» ASSIGNED TASK:
Every line of the records below that holds the word "subseteq" belongs in the answer.

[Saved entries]
=== Section Start ===

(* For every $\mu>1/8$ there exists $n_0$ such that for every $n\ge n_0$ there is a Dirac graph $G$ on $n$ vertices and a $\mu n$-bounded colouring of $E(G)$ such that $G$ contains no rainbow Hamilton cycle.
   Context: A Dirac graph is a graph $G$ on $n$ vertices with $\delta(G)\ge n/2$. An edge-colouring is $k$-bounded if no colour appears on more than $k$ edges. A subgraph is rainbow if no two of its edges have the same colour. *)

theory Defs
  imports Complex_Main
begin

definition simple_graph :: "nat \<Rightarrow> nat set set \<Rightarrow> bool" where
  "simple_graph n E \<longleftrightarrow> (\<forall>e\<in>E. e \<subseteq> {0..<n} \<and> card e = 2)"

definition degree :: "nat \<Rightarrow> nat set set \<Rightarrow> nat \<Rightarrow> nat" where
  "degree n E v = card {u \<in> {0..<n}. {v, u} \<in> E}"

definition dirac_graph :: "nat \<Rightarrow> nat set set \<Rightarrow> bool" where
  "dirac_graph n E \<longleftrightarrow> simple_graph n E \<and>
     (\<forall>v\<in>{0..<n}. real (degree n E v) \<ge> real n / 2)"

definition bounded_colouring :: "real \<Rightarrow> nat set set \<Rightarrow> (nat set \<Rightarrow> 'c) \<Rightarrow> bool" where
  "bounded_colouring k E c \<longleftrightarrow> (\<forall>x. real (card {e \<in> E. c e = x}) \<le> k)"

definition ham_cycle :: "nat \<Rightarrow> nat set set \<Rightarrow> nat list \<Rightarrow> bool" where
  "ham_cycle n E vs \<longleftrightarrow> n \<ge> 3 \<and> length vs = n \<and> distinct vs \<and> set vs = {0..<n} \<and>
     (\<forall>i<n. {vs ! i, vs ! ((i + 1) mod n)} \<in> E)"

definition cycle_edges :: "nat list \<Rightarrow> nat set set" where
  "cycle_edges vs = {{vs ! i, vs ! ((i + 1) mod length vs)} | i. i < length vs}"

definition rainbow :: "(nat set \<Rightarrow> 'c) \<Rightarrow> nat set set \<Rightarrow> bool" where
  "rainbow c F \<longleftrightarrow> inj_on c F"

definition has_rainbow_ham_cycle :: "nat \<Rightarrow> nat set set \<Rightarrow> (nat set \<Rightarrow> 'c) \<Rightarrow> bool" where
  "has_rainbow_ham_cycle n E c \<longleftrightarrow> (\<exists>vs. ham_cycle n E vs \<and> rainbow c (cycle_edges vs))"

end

=== Section End ===
=== Section Start ===

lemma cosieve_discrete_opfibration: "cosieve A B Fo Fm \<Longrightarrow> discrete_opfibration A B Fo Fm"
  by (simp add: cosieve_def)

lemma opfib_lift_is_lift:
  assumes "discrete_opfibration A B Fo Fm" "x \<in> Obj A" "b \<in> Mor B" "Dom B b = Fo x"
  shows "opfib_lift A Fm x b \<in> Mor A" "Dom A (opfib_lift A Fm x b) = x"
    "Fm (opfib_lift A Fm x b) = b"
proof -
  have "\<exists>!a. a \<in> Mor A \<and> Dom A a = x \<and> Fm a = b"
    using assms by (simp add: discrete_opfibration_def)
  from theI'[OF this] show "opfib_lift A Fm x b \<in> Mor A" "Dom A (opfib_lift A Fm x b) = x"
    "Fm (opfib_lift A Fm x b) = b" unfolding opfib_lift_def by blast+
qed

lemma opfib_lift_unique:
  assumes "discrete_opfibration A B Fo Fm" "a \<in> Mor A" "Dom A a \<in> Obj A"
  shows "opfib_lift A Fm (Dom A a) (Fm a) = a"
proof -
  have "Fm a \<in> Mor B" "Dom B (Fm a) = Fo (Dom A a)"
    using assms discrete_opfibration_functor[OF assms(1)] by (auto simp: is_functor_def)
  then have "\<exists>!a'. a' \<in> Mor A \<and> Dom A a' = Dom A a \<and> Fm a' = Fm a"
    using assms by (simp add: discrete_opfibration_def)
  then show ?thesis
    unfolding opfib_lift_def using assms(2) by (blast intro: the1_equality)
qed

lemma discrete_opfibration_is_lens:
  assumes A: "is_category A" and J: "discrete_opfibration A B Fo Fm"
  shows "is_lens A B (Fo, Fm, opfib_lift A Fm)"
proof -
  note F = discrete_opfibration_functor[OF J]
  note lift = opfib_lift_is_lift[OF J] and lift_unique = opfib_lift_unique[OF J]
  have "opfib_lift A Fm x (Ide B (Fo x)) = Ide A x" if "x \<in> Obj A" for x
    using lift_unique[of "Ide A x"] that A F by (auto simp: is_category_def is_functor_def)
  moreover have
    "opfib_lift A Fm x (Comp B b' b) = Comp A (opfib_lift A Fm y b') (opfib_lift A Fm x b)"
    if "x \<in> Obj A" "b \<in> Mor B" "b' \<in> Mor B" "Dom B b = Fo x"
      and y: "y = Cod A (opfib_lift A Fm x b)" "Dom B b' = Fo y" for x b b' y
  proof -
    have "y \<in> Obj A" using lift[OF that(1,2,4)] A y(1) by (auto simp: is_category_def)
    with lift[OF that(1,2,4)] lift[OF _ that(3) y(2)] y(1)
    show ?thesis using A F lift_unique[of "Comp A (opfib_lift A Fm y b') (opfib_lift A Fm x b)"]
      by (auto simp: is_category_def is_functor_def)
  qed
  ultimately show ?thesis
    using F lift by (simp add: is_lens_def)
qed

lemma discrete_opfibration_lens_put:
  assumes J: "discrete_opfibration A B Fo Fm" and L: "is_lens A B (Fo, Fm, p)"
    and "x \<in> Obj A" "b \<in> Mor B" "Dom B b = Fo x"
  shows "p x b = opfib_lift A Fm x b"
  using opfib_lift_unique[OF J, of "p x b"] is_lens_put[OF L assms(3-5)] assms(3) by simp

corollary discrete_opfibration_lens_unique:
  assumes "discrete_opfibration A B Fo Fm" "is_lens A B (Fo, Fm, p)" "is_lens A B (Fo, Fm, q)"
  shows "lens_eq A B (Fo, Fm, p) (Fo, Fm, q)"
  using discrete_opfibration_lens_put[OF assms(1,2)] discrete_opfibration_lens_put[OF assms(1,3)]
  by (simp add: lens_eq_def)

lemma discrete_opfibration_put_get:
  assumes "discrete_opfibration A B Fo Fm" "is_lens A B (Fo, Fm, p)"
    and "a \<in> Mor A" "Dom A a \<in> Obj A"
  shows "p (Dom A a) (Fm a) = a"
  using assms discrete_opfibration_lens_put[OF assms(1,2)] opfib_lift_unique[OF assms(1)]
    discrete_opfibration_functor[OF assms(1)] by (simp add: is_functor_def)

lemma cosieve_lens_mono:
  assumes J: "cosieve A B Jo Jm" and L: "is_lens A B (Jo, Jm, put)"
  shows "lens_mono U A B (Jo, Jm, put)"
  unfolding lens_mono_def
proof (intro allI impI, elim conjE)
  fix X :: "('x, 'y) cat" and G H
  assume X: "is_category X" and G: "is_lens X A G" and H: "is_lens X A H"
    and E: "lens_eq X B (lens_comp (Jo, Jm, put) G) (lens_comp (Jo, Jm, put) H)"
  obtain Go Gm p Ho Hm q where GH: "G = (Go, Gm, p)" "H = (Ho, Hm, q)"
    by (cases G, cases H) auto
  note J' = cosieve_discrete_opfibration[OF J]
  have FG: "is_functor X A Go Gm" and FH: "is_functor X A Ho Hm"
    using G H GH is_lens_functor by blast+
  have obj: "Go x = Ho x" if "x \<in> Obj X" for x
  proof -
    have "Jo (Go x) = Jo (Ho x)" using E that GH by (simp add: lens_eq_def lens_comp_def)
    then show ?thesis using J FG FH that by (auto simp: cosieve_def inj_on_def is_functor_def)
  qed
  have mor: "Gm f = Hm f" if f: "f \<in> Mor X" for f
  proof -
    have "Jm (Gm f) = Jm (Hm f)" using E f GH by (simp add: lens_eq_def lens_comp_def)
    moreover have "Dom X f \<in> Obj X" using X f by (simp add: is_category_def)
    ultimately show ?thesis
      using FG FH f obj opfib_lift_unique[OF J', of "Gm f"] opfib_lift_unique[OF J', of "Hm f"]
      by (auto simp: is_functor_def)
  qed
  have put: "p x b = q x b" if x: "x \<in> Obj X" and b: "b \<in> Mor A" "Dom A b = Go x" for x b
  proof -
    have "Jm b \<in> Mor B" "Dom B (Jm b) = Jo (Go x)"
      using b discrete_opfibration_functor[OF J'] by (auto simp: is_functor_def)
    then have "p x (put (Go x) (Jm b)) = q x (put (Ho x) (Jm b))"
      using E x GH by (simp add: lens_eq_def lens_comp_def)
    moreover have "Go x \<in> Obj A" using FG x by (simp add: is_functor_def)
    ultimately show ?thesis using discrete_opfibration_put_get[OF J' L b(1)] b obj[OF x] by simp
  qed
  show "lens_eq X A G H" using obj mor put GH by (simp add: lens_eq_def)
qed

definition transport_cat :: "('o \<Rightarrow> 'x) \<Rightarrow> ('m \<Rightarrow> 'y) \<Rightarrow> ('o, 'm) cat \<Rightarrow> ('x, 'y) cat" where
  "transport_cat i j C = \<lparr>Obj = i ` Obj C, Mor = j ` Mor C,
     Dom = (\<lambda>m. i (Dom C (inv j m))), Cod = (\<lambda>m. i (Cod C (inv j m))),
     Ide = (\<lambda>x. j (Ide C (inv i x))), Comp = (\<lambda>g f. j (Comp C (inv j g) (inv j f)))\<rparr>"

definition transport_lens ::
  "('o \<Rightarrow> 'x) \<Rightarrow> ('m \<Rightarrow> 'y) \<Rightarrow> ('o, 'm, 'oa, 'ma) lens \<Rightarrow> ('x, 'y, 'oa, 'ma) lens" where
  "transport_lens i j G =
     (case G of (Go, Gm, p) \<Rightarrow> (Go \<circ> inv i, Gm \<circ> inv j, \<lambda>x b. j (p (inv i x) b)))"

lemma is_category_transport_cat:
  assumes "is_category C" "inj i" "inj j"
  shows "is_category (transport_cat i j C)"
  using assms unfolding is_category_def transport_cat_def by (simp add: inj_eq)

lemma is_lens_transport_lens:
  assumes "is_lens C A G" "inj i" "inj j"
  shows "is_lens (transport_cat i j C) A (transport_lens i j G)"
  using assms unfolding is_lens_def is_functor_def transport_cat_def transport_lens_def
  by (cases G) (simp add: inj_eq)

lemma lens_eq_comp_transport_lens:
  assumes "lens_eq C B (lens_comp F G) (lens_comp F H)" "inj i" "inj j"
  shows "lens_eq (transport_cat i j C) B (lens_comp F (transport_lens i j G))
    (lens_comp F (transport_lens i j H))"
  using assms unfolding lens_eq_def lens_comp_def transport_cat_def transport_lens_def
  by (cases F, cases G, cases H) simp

=== Section End ===
=== Section Start ===

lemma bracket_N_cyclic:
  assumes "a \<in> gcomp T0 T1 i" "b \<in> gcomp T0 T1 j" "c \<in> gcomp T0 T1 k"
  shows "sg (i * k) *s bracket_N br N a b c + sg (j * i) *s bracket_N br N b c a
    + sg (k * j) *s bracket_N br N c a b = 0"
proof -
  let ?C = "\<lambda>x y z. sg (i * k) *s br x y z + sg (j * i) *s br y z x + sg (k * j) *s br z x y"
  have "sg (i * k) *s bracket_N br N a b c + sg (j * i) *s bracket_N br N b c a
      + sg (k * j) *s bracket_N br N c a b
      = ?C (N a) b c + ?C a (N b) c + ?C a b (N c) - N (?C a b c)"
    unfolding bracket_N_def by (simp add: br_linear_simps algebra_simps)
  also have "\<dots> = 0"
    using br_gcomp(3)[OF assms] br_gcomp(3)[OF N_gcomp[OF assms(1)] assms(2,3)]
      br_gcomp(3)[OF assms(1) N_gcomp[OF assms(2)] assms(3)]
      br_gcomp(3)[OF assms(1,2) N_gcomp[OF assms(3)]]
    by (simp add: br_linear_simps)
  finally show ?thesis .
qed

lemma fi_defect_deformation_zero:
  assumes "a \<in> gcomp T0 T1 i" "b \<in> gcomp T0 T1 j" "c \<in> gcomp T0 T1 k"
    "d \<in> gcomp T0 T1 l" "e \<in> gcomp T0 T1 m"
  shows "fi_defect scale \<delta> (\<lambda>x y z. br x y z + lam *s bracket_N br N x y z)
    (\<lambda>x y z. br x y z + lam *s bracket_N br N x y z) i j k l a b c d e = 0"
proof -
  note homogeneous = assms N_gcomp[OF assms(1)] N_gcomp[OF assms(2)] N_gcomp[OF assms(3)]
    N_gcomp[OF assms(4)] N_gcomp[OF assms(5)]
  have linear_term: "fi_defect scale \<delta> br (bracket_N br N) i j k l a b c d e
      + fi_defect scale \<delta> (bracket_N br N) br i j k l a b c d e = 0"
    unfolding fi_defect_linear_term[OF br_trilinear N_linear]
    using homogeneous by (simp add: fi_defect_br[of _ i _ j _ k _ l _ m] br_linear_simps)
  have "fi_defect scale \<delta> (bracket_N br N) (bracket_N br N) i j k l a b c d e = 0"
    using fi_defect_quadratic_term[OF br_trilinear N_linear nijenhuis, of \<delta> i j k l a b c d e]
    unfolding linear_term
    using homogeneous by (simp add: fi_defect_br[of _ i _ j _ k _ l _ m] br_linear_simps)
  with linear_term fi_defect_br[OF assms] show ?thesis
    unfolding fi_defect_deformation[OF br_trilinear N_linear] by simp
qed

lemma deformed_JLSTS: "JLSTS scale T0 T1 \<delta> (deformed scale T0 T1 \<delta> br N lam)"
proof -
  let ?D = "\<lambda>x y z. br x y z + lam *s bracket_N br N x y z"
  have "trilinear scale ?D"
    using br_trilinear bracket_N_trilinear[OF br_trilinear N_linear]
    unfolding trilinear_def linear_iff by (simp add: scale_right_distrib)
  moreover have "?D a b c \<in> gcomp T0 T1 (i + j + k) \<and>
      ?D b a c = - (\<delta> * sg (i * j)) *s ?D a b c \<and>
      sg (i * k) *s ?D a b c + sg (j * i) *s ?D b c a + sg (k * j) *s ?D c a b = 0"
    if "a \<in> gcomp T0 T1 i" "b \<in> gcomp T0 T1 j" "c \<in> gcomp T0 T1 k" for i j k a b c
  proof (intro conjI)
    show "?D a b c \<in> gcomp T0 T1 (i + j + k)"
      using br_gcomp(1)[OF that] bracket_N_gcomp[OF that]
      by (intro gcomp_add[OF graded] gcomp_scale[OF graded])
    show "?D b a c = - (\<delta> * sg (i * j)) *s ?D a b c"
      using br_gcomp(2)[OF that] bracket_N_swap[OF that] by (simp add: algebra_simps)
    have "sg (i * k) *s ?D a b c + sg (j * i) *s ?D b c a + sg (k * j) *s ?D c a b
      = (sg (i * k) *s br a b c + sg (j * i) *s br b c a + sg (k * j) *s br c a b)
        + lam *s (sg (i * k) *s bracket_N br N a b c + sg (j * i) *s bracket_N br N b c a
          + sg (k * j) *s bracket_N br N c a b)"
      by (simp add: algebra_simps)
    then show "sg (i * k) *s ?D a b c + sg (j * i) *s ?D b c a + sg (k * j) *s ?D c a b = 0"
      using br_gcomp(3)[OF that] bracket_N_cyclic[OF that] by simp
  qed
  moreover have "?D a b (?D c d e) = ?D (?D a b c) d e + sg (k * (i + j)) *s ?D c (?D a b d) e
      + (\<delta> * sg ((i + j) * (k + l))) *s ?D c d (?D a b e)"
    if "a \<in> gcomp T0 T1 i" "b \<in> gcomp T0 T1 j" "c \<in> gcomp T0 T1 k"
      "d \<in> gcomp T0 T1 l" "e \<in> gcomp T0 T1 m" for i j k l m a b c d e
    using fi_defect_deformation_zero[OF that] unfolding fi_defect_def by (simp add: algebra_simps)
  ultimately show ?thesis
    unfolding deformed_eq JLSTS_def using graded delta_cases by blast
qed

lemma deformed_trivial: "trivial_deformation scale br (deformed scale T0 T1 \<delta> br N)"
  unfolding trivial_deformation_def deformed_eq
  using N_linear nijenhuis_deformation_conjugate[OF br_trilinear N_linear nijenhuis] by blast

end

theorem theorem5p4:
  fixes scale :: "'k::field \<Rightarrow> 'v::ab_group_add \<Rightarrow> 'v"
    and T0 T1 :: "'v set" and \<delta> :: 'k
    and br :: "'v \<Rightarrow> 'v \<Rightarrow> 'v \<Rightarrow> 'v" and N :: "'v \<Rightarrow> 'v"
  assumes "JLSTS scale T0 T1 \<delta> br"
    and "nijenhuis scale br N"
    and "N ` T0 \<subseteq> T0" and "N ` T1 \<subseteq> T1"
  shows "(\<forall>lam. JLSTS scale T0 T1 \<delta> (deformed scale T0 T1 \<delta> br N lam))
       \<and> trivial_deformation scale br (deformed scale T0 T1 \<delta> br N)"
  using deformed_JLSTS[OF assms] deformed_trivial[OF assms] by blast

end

=== Section End ===

» YOUR SOLUTION:
  "simple_graph n E \<longleftrightarrow> (\<forall>e\<in>E. e \<subseteq> {0..<n} \<and> card e = 2)"
    and "N ` T0 \<subseteq> T0" and "N ` T1 \<subseteq> T1"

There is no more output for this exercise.